**WHAT THIS TASK INVOLVES:**
Scan the records below for the line containing "subgroup.subset[OF H] ." and the line containing "using k by (auto intro: rcosetsI[OF HG])". Copy both, plus every line between, exactly.

Stored data:

*** Block opens ***

lemma affine_isometry_fixing_point:
  assumes "affine_isometry h" "h q = q"
  obtains A where "orthogonal_matrix A" "\<And>x. h x = A *v (x - q) + q"
proof -
  obtain A t where A: "orthogonal_matrix A" "\<And>x. h x = A *v x + t"
    using assms(1) unfolding affine_isometry_def by blast
  have "t = q - A *v q" using A(2)[of q] assms(2) by (simp add: algebra_simps)
  then show thesis using that A by (simp add: matrix_vector_mult_diff_distrib)
qed

lemma affine_isometry_squares_commute:
  assumes g: "affine_isometry g" "g q = q" "g p = p"
    and h: "affine_isometry h" "h q = q" "h p = p" and "p \<noteq> q"
  shows "(g \<circ> g) \<circ> (h \<circ> h) = (h \<circ> h) \<circ> (g \<circ> g)"
proof -
  obtain X where X: "orthogonal_matrix X" "\<And>x. g x = X *v (x - q) + q"
    using affine_isometry_fixing_point[OF g(1,2)] by blast
  obtain Y where Y: "orthogonal_matrix Y" "\<And>x. h x = Y *v (x - q) + q"
    using affine_isometry_fixing_point[OF h(1,2)] by blast
  have "X *v (p - q) = p - q" "Y *v (p - q) = p - q"
    using X(2)[of p] Y(2)[of p] g(3) h(3) by (simp_all add: algebra_simps)
  then have "X ** X *v (p - q) = p - q" "Y ** Y *v (p - q) = p - q"
    by (simp_all add: matrix_vector_mul_assoc[symmetric])
  then have XY: "(X ** X) ** (Y ** Y) = (Y ** Y) ** (X ** X)"
    using \<open>p \<noteq> q\<close>
    by (intro rotation_matrices_common_axis_commute rotation_matrix_square X(1) Y(1)) auto
  show ?thesis
  proof
    fix x
    have "((g \<circ> g) \<circ> (h \<circ> h)) x = ((X ** X) ** (Y ** Y)) *v (x - q) + q"
      using X(2) Y(2) by (simp add: matrix_vector_mul_assoc[symmetric])
    also have "\<dots> = ((h \<circ> h) \<circ> (g \<circ> g)) x"
      using X(2) Y(2) by (simp add: XY matrix_vector_mul_assoc[symmetric])
    finally show "((g \<circ> g) \<circ> (h \<circ> h)) x = ((h \<circ> h) \<circ> (g \<circ> g)) x" .
  qed
qed

lemma site_group:
  assumes "space_group G"
  shows "group (fg (site G q))"
proof (rule groupI)
  fix x assume "x \<in> carrier (fg (site G q))"
  then have x: "x \<in> G" "x q = q" by (auto simp: fg_def site_def)
  then obtain y where y: "y \<in> G" "y \<circ> x = id" "x \<circ> y = id"
    using assms unfolding space_group_def by blast
  then have "y q = q" using x(2) by (metis comp_apply id_apply)
  with y show "\<exists>y\<in>carrier (fg (site G q)). y \<otimes>\<^bsub>fg (site G q)\<^esub> x = \<one>\<^bsub>fg (site G q)\<^esub>"
    by (auto simp: fg_def site_def)
qed (use assms in \<open>auto simp: fg_def site_def space_group_def o_assoc\<close>)

lemma (in group) card_rcosets_carrier: "card (rcosets (carrier G)) = 1"
proof -
  have "rcosets (carrier G) = {carrier G}"
    using subgroup.rcos_const[OF subgroup_self is_group] unfolding RCOSETS_def by blast
  then show ?thesis by simp
qed

lemma (in group) index_two_subgroup_contains_squares:
  assumes H: "subgroup H G" and idx: "card (rcosets H) = 2" and k: "k \<in> carrier G"
  shows "k \<otimes> k \<in> H"
proof (rule ccontr)
  assume kk: "k \<otimes> k \<notin> H"
  have "k \<notin> H" using kk subgroup.m_closed[OF H] by blast
  have HG: "H \<subseteq> carrier G" using subgroup.subset[OF H] .
  have distinct: "H #> x \<noteq> H #> y"
    if "x \<in> carrier G" "y \<in> carrier G" "y \<otimes> inv x \<notin> H" for x y
    using that subgroup.rcos_module[OF H is_group] rcos_self[OF _ H] by metis
  have "(k \<otimes> k) \<otimes> inv k = k" using k by (simp add: m_assoc)
  then have "H #> k \<noteq> H #> (k \<otimes> k)" using k \<open>k \<notin> H\<close> by (intro distinct) auto
  moreover have "H #> \<one> \<noteq> H #> k" "H #> \<one> \<noteq> H #> (k \<otimes> k)"
    using k kk \<open>k \<notin> H\<close> by (intro distinct; simp)+
  ultimately have "card {H #> \<one>, H #> k, H #> (k \<otimes> k)} = 3" by simp
  moreover have "{H #> \<one>, H #> k, H #> (k \<otimes> k)} \<subseteq> rcosets H"
    using k by (auto intro: rcosetsI[OF HG])
  moreover have "finite (rcosets H)" using idx card.infinite by force
  ultimately have "3 \<le> card (rcosets H)" by (metis card_mono)
  with idx show False by simp
qed

lemma index_two_site_fourth_powers_commute:
  assumes G: "space_group G"
    and H: "subgroup (site G p) (fg (site G q))"
    and idx: "card (rcosets\<^bsub>fg (site G q)\<^esub> (site G p)) = 2"
    and a: "a \<in> site G q" and b: "b \<in> site G q"
  shows "((a \<circ> a) \<circ> (a \<circ> a)) \<circ> ((b \<circ> b) \<circ> (b \<circ> b)) =
         ((b \<circ> b) \<circ> (b \<circ> b)) \<circ> ((a \<circ> a) \<circ> (a \<circ> a))"
proof -
  interpret K: group "fg (site G q)" using site_group[OF G] .
  have "p \<noteq> q"
  proof
    assume "p = q"
    then show False using idx K.card_rcosets_carrier by (simp add: fg_def)
  qed
  have square: "x \<circ> x \<in> site G p" if "x \<in> site G q" for x
    using K.index_two_subgroup_contains_squares[OF H idx, of x] that by (simp add: fg_def)
  have fixing: "affine_isometry h" "h q = q" "h p = p" if "h \<in> site G p" for h
    using that subgroup.subset[OF H] G by (auto simp: fg_def site_def space_group_def)
  show ?thesis
    using affine_isometry_squares_commute[OF fixing[OF square[OF a]] fixing[OF square[OF b]]
        \<open>p \<noteq> q\<close>] .
qed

*** Block closes ***

**ANSWER TO THE EXERCISE:**
  have HG: "H \<subseteq> carrier G" using subgroup.subset[OF H] .
  have distinct: "H #> x \<noteq> H #> y"
    if "x \<in> carrier G" "y \<in> carrier G" "y \<otimes> inv x \<notin> H" for x y
    using that subgroup.rcos_module[OF H is_group] rcos_self[OF _ H] by metis
  have "(k \<otimes> k) \<otimes> inv k = k" using k by (simp add: m_assoc)
  then have "H #> k \<noteq> H #> (k \<otimes> k)" using k \<open>k \<notin> H\<close> by (intro distinct) auto
  moreover have "H #> \<one> \<noteq> H #> k" "H #> \<one> \<noteq> H #> (k \<otimes> k)"
    using k kk \<open>k \<notin> H\<close> by (intro distinct; simp)+
  ultimately have "card {H #> \<one>, H #> k, H #> (k \<otimes> k)} = 3" by simp
  moreover have "{H #> \<one>, H #> k, H #> (k \<otimes> k)} \<subseteq> rcosets H"
    using k by (auto intro: rcosetsI[OF HG])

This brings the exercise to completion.